Tot hun verdriet is er het er deze zomer niet van gekomen, van op zolder slapen. Johan komt de trap niet op: na een operatie eerder dit jaar heeft hij last van zijn benen. Ze vinden het slapen op de tuin heerlijk: “We hebben een leuk contact met de buren. Vorig jaar september hadden we zelfs een etentje met zijn allen op het pad!” Ze hopen dat hij dat volgend seizoen wel weer kan, ze missen het.
Yvon: “De bruine houten vloer oogt wat kaal helaas, want het huisje heeft helemaal onder water gestaan. Verder is er al twee keer ingebroken, twee jaar geleden. ALLE leidingen, zelfs binnen, die van de douche en het toilet hebben ze meegenomen. Plus dingen uit de kasten.
Mijn favoriete plek is in deze lage stoel, in de hoek, want overal kun je vanuit hier naar buiten kijken.” Johan:”Ja, die stoelen heb ik van de Roteb. Een aantal jaren geleden mocht je daar nog spullen meenemen. Ik was toen met een busje van het werk en heb ze meteen meegenomen.”

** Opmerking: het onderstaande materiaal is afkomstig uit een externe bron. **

lemma lcd_cyclic_iff:
  fixes g :: "'a::field_gcd poly"
  assumes n: "n \<ge> 1" and monic: "lead_coeff g = 1" and g_dvd: "g dvd xpm1 n"
  shows "lcd_cyclic n g \<longleftrightarrow> self_reciprocal g \<and>
    (\<forall>f. lead_coeff f = 1 \<and> irreducible f \<and> f dvd g \<longrightarrow> multiplicity f g = multiplicity f (xpm1 n))"
proof -
  define h where "h = xpm1 n div g"
  have "g \<noteq> 0"
    using monic by auto
  have N: "xpm1 n = g * h"
    using g_dvd by (simp add: h_def)
  then have "h \<noteq> 0"
    using xpm1_neq_0[OF n] by auto
  have "lcd_cyclic n g \<longleftrightarrow> self_reciprocal g \<and> coprime g h"
    using \<open>g \<noteq> 0\<close> g_dvd
    by (simp add: lcd_cyclic_iff_coprime_reflect_poly[OF n] coprime_reflect_poly_iff_self_reciprocal[OF n]
        h_def)
  also have "coprime g h \<longleftrightarrow> (\<forall>f. prime f \<and> f dvd g \<longrightarrow> multiplicity f g = multiplicity f (g * h))"
    using \<open>g \<noteq> 0\<close> \<open>h \<noteq> 0\<close> by (rule coprime_iff_multiplicity_eq)
  finally show ?thesis
    by (simp add: N prime_poly_iff_monic_irreducible conj_ac)
qed

section \<open>Splitting \<open>R\<^sub>e\<^sub>,\<^sub>q\<close> by its idempotents\<close>

lemma is_LCD_cyclic_code_gen_iff:
  "is_LCD e n (cyclic_code_gen e n G) \<longleftrightarrow>
    (\<forall>x \<in> cyclic_code_gen e n G \<inter> eucl_dual e n (cyclic_code_gen e n G). x = (\<lambda>_. 0))"
proof -
  have "(\<lambda>_. 0) \<in> words e n"
    by (simp add: words_def in_R_def)
  moreover have "(\<lambda>_. 0) = cyc_mult e n (\<lambda>_. 0) G"
    unfolding cyc_mult_def by (rule ext) (simp cong: if_cong)
  ultimately have "(\<lambda>_. 0) \<in> cyclic_code_gen e n G \<inter> eucl_dual e n (cyclic_code_gen e n G)"
    unfolding cyclic_code_gen_def eucl_dual_def eucl_inner_def by auto
  then show ?thesis
    unfolding is_LCD_def by blast
qed

lemma cyc_mult_in_words: "cyc_mult e n a b \<in> words e n"
  by (simp add: cyc_mult_def words_def in_R_def)

text \<open>\<open>component (\<alpha> i) w\<close> is the \<open>i\<close>-th coordinate of \<open>w\<close> under \<open>R\<^sub>e\<^sub>,\<^sub>q \<cong> \<bbbF>\<^sub>q\<^sup>e\<close>.\<close>

definition component :: "'a::field \<Rightarrow> (nat \<Rightarrow> 'a poly) \<Rightarrow> nat \<Rightarrow> 'a" where
  "component x w = (\<lambda>k. poly (w k) x)"

definition idempotent_generator ::
    "nat \<Rightarrow> (nat \<Rightarrow> 'a::field) \<Rightarrow> (nat \<Rightarrow> 'a poly) \<Rightarrow> (nat \<Rightarrow> 'a poly) \<Rightarrow> 'a poly poly" where
  "idempotent_generator e \<alpha> h g = (\<Sum>i\<in>{1..e}. [:mu e \<alpha> h i:] * map_poly (\<lambda>c. [:c:]) (g i))"

context
  fixes e n :: nat and \<alpha> :: "nat \<Rightarrow> 'a::field" and z h :: "nat \<Rightarrow> 'a poly"
  assumes e: "e \<ge> 1" and n: "n \<ge> 1"
    and xpm1_e_split: "xpm1 e = (\<Prod>i\<in>{1..e}. [:- \<alpha> i, 1:])"
    and bezout: "\<forall>i\<in>{1..e}. z i * [:- \<alpha> i, 1:] + h i * (xpm1 e div [:- \<alpha> i, 1:]) = 1"
begin

lemma poly_mod_xpm1_root:
  assumes i: "i \<in> {1..e}"
  shows "poly (r mod xpm1 e) (\<alpha> i) = poly r (\<alpha> i)"
proof -
  have "poly (xpm1 e) (\<alpha> i) = 0"
    unfolding xpm1_e_split poly_prod using i by (intro prod_zero) auto
  then show ?thesis
    by (metis mult_div_mod_eq poly_add poly_mult mult_zero_left add_0_left)
qed

lemma poly_cofactor_root:
  assumes i: "i \<in> {1..e}" and j: "j \<in> {1..e}"
  shows "poly (h i * (xpm1 e div [:- \<alpha> i, 1:])) (\<alpha> j) = (if i = j then 1 else 0)"
proof (cases "i = j")
  case True
  have "poly (z i * [:- \<alpha> i, 1:] + h i * (xpm1 e div [:- \<alpha> i, 1:])) (\<alpha> i) = 1"
    using bezout i by simp
  with True show ?thesis
    by simp
next
  case False
  have "xpm1 e = [:- \<alpha> i, 1:] * (\<Prod>l\<in>{1..e}-{i}. [:- \<alpha> l, 1:])"
    unfolding xpm1_e_split using i by (rule prod.remove[OF finite_atLeastAtMost])
  then have "xpm1 e div [:- \<alpha> i, 1:] = (\<Prod>l\<in>{1..e}-{i}. [:- \<alpha> l, 1:])"
    by (metis nonzero_mult_div_cancel_left pCons_eq_0_iff one_neq_zero)
  with False i j show ?thesis
    by (auto simp: poly_prod intro!: bexI[of _ j])
qed

lemma poly_mu_root:
  assumes "i \<in> {1..e}" "j \<in> {1..e}"
  shows "poly (mu e \<alpha> h i) (\<alpha> j) = (if i = j then 1 else 0)"
  unfolding mu_def poly_mod_xpm1_root[OF assms(2)] using assms by (rule poly_cofactor_root)

lemma inj_on_roots: "inj_on \<alpha> {1..e}"
  using poly_mu_root by (intro inj_onI) (metis zero_neq_one)

lemma eq_0_if_poly_roots_eq_0:
  assumes "in_R e r" and roots: "\<forall>i\<in>{1..e}. poly r (\<alpha> i) = 0"
  shows "r = 0"
proof (rule ccontr)
  assume "r \<noteq> 0"
  have "r mod xpm1 e = r"
    using assms(1) by (simp add: in_R_def)
  with \<open>r \<noteq> 0\<close> have "degree r < e"
    using degree_mod_less'[OF xpm1_neq_0[OF e], of r] degree_xpm1[OF e, where 'a='a] by simp
  have "e = card (\<alpha> ` {1..e})"
    using card_image[OF inj_on_roots] by simp
  also have "\<dots> \<le> card {x. poly r x = 0}"
    using roots \<open>r \<noteq> 0\<close> by (intro card_mono poly_roots_finite) auto
  also have "\<dots> \<le> degree r"
    by (rule card_poly_roots_bound[OF \<open>r \<noteq> 0\<close>])
  finally show False
    using \<open>degree r < e\<close> by simp
qed

lemma word_eq_0_if_components_eq_0:
  assumes "w \<in> words e n" "\<forall>i\<in>{1..e}. component (\<alpha> i) w = (\<lambda>_. 0)"
  shows "w = (\<lambda>_. 0)"
proof
  fix k
  show "w k = 0"
  proof (cases "k < n")
    case True
    with assms show ?thesis
      by (intro eq_0_if_poly_roots_eq_0) (auto simp: words_def component_def fun_eq_iff)
  next
    case False
    with assms(1) show ?thesis
      by (simp add: words_def)
  qed
qed
text \<open>The rows \<open>b\<^sub>i\<^sup>H G\<close> (\<open>i \<in> S\<close>) padded with a zero row at \<open>a\<close> form a singular matrix; a
  normalised kernel vector is the required \<open>y\<close> (Gram--Schmidt step).\<close>
lemma orthogonal_unit_vector_exists:
  fixes b :: "'n \<Rightarrow> complex^'n"
  assumes "a \<notin> S"
  obtains y where "hform G y y = 1" and "\<And>i. i \<in> S \<Longrightarrow> hform G (b i) y = 0"
proof -
  define B :: "complex^'n^'n" where "B = (\<chi> r c. if c \<in> S then b c $ r else 0)"
  have "row a (herm_adj B ** G) = 0"
    using assms by (simp add: row_def B_def matrix_matrix_mult_def vec_eq_iff)
  then have "\<not> invertible (herm_adj B ** G)"
    by (simp add: invertible_det_nz det_zero_row)
  then obtain x where x: "herm_adj B ** G *v x = 0" "x \<noteq> 0"
    using invertible_left_inverse matrix_left_invertible_ker by blast
  have orth: "hform G (b i) x = 0" if "i \<in> S" for i
  proof -
    have "column i B = b i" using that by (simp add: B_def column_def vec_eq_iff)
    then show ?thesis
      using hform_herm_adj_mult[of B G "mat 1" "axis i 1" x] x(1)
      by (simp add: hform_axis_left matrix_vector_mult_axis)
  qed
  define r where "r = Re (hform G x x)"
  have "0 < r" using pos_def x(2) by (simp add: r_def)
  have "hform G x x = of_real r"
    using hform_swap[OF hermitian, of x x] by (simp add: r_def complex_eq_iff)
  then have "hform G (of_real (1 / sqrt r) *s x) (of_real (1 / sqrt r) *s x) = 1"
    using \<open>0 < r\<close> by (simp add: hform_scale flip: of_real_mult)
  moreover have "hform G (b i) (of_real (1 / sqrt r) *s x) = 0" if "i \<in> S" for i
    using hform_scale[of G 1 "b i"] orth[OF that] by simp
  ultimately show thesis by (rule that)
qed

lemma orthonormal_family_exists:
  "\<exists>b :: 'n \<Rightarrow> complex^'n. \<forall>i\<in>S. \<forall>j\<in>S. hform G (b i) (b j) = (if i = j then 1 else 0)"
proof (induction S rule: finite_induct[OF finite])
  case 1
  show ?case by simp
next
  case (2 a S)
  then obtain b where b: "\<forall>i\<in>S. \<forall>j\<in>S. hform G (b i) (b j) = (if i = j then 1 else 0)"
    by blast
  obtain y where y: "hform G y y = 1" "\<And>i. i \<in> S \<Longrightarrow> hform G (b i) y = 0"
    using orthogonal_unit_vector_exists \<open>a \<notin> S\<close> by blast
  have "hform G y (b i) = 0" if "i \<in> S" for i
    using hform_swap[OF hermitian, of y "b i"] y(2)[OF that] by simp
  then show ?case
    using b y \<open>a \<notin> S\<close> by (intro exI[of _ "b(a := y)"]) auto
qed

lemma orthonormal_frame_exists:
  obtains E :: "complex^'n^'n" where "herm_adj E ** G ** E = mat 1"
proof -
  obtain b :: "'n \<Rightarrow> complex^'n" where b: "\<And>i j. hform G (b i) (b j) = (if i = j then 1 else 0)"
    using orthonormal_family_exists[of UNIV] by blast
  define E :: "complex^'n^'n" where "E = (\<chi> r c. b c $ r)"
  have col: "column c E = b c" for c by (simp add: E_def column_def vec_eq_iff)
  have "herm_adj E ** G ** E = mat 1"
    by (simp add: vec_eq_iff herm_adj_mult_nth col b mat_def)
  then show thesis by (rule that)
qed
(* Let $J\in\mathbb N$ be fixed, and for $j=1,\dots,J$ let $U_j,\hat U_j$ be orthogonal projection matrices of the same rank $K_j$ (of a common dimension). For $0\le\alpha_N<1/(4\sqrt2+2)$ define maps on chains $V=(V_1,\dots,V_J)$ of projectors by $$[\hat{\mathcal G}_{\alpha_N}(V)]_1=\Pi_{K_1}(\hat U_1+\alpha_NV_2),\quad [\hat{\mathcal G}_{\alpha_N}(V)]_j=\Pi_{K_j}(\alpha_NV_{j-1}+\hat U_j+\alpha_NV_{j+1})\ (2\le j\le J-1),\quad [\hat{\mathcal G}_{\alpha_N}(V)]_J=\Pi_{K_J}(\alpha_NV_{J-1}+\hat U_J),$$ and $\mathcal G_{\alpha_N}$ analogously with $\hat U_j$ replaced by $U_j$. Let $(\bar U_j)_j$ be the fixed point of $\hat{\mathcal G}_{\alpha_N}$ and $(U_j^{(\alpha_N)})_j$ the fixed point of $\mathcal G_{\alpha_N}$. Then there is a constant $C>0$, independent of $N$, such that $$\sum_{j=1}^J\|\bar U_j-U_j\|_F\le C\Bigl(\sum_{j=1}^J\|\hat U_j-U_j\|_F+\alpha_N\Bigr).$$
   Context: $\Pi_K(M)=\sum_{k=1}^K\nu_k\nu_k'$ denotes the orthogonal projector onto the span of the top-$K$ eigenvectors $\nu_1,\dots,\nu_K$ of a symmetric matrix $M$. $\alpha_N$ is a smoothing parameter (possibly depending on a sample size $N$). *)

theory Defs
  imports "HOL-Analysis.Analysis"
begin

definition is_orth_proj :: "real^'n^'n \<Rightarrow> bool" where
  "is_orth_proj P \<longleftrightarrow> transpose P = P \<and> P ** P = P"

definition frob :: "real^'n^'n \<Rightarrow> real" where
  "frob A = sqrt (\<Sum>i\<in>UNIV. \<Sum>j\<in>UNIV. (A $ i $ j)\<^sup>2)"

definition outer :: "real^'n \<Rightarrow> real^'n \<Rightarrow> real^'n^'n" where
  "outer u v = (\<chi> i j. u $ i * v $ j)"

text \<open>top_eig_proj K M P: P = Pi_K(M) = sum over k < K of nu_k nu_k', for some orthonormal
  eigenbasis nu_0, ..., nu_(n-1) of M ordered by non-increasing eigenvalues
  (a relation, since the eigenbasis is not unique in case of ties).\<close>
definition top_eig_proj :: "nat \<Rightarrow> real^'n^'n \<Rightarrow> real^'n^'n \<Rightarrow> bool" where
  "top_eig_proj K M P \<longleftrightarrow>
     (\<exists>(\<nu>::nat \<Rightarrow> real^'n) (ev::nat \<Rightarrow> real).
        (\<forall>k<CARD('n). M *v \<nu> k = ev k *\<^sub>R \<nu> k) \<and>
        (\<forall>k<CARD('n). \<forall>l<CARD('n). \<nu> k \<bullet> \<nu> l = (if k = l then 1 else 0)) \<and>
        (\<forall>k l. k \<le> l \<longrightarrow> l < CARD('n) \<longrightarrow> ev l \<le> ev k) \<and>
        P = (\<Sum>k<K. outer (\<nu> k) (\<nu> k)))"

text \<open>Argument of Pi_{K_j} in the j-th component of G_alpha(V) built from data W (j = 1..J);
  neighbour terms outside 1..J are absent.\<close>
definition G_arg :: "nat \<Rightarrow> real \<Rightarrow> (nat \<Rightarrow> real^'n^'n) \<Rightarrow> (nat \<Rightarrow> real^'n^'n) \<Rightarrow> nat \<Rightarrow> real^'n^'n" where
  "G_arg J \<alpha> W V j =
     (if 1 < j then \<alpha> *\<^sub>R V (j - 1) else 0) + W j + (if j < J then \<alpha> *\<^sub>R V (j + 1) else 0)"

definition is_fixed_point :: "nat \<Rightarrow> (nat \<Rightarrow> nat) \<Rightarrow> real \<Rightarrow> (nat \<Rightarrow> real^'n^'n) \<Rightarrow> (nat \<Rightarrow> real^'n^'n) \<Rightarrow> bool" where
  "is_fixed_point J K \<alpha> W V \<longleftrightarrow> (\<forall>j\<in>{1..J}. top_eig_proj (K j) (G_arg J \<alpha> W V j) (V j))"

end

theory Submission
  imports Defs
begin

text \<open>
  Each component \<open>Ubar j\<close> of a fixed point is the top-\<open>K j\<close> eigenprojector of a matrix
  \<open>M\<close> with \<open>\<parallel>M - U j\<parallel> \<le> \<parallel>Uh j - U j\<parallel> + 2\<alpha> \<Sum>\<^sub>i sqrt (K i)\<close>, because a projector of
  rank \<open>K\<close> has Frobenius norm \<open>sqrt K\<close>. It therefore suffices to show a Davis--Kahan type
  bound \<open>\<parallel>P - U\<parallel> \<le> c \<parallel>M - U\<parallel>\<close> for the top-\<open>K\<close> eigenprojector \<open>P\<close> of \<open>M\<close> and a projector \<open>U\<close>
  of rank \<open>K\<close>. If \<open>\<epsilon> = \<parallel>M - U\<parallel> < 1/2\<close>, the Courant--Fischer argument gives Weyl's
  inequalities \<open>\<mu>\<^sub>K \<ge> 1 - \<epsilon> > 1/2 > \<epsilon> \<ge> \<mu>\<^sub>K\<^sub>+\<^sub>1\<close> for the eigenvalues of \<open>M\<close>; then the identities
  \<open>\<mu>\<^sub>k (\<nu>\<^sub>k - U \<nu>\<^sub>k) = (I - U)(M - U) \<nu>\<^sub>k\<close> and \<open>(1 - \<mu>\<^sub>k) U \<nu>\<^sub>k = - U (M - U) \<nu>\<^sub>k\<close> show
  \<open>\<parallel>(P - U) \<nu>\<^sub>k\<parallel> \<le> 2 \<parallel>(M - U) \<nu>\<^sub>k\<parallel>\<close> on every eigenvector, and summing over the eigenbasis gives
  \<open>\<parallel>P - U\<parallel> \<le> 2\<epsilon>\<close>. If \<open>\<epsilon> \<ge> 1/2\<close>, the trivial bound \<open>\<parallel>P\<parallel> + \<parallel>U\<parallel>\<close> suffices.

  The bound on \<open>\<alpha>\<close> and the hypotheses on \<open>Uh\<close> only serve to make the fixed point exist;
  the estimate holds for every fixed point.
\<close>

lemma sum_mult_add_le:
  fixes c d :: "'a \<Rightarrow> real"
  assumes "finite A" "\<forall>j\<in>A. 0 \<le> c j \<and> 0 \<le> d j" "0 \<le> e"
  shows "(\<Sum>j\<in>A. c j * (d j + e)) \<le> (\<Sum>j\<in>A. c j) * ((\<Sum>j\<in>A. d j) + e)"
proof -
  have "(\<Sum>j\<in>A. c j * (d j + e)) \<le> (\<Sum>j\<in>A. (\<Sum>i\<in>A. c i) * d j + c j * e)"
  proof (rule sum_mono)
    fix j assume "j \<in> A"
    then have "c j \<le> (\<Sum>i\<in>A. c i)"
      using assms(1,2) by (auto intro: member_le_sum)
    then show "c j * (d j + e) \<le> (\<Sum>i\<in>A. c i) * d j + c j * e"
      using assms(2) \<open>j \<in> A\<close> by (simp add: distrib_left mult_right_mono)
  qed
  also have "\<dots> = (\<Sum>j\<in>A. c j) * ((\<Sum>j\<in>A. d j) + e)"
    by (simp add: sum.distrib sum_distrib_left sum_distrib_right algebra_simps)
  finally show ?thesis .
qed

lemma frob_eq_norm: "frob A = norm A"
  by (simp add: frob_def norm_eq_sqrt_inner inner_vec_def power2_eq_square)

lemma rank_le_card: "rank (A::real^'n^'n) \<le> CARD('n)"
  using rank_bound[of A] by simp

Buiten is uitbreiding van het wonen mogelijk: een opgerold dekzeil van een vrachtwagen kan helemaal uitgerold worden met de uitdraai van een winkelraamrolluik tot een forse overkapping. Ik krijg meteen een demonstratie.
Nog plannen of wensen?
Johan:”Ik wil niets veranderen, het huisje is zo helemaal naar ons zin. Volgend jaar misschien wat verven en meer niet. O ja, verder is het gebouwd van Nieuw-Zeelands hardhout, het moet lang kunnen meegaan.”
Een huisje dat door de tijd heen gevoelens oproept: ze raakten erop verliefd, teleurgesteld in de gang van zaken met de gedwongen late verhuizing, blij ermee, woedend op de inbrekers, verdrietig door de schade en de overstroming en nu hopend op er weer kunnen slapen volgend jaar. Maar bovenal: tevreden en gelukkig ermee.
Mijn wens voor hen is, dat ze er samen nog lang plezier van zullen hebben!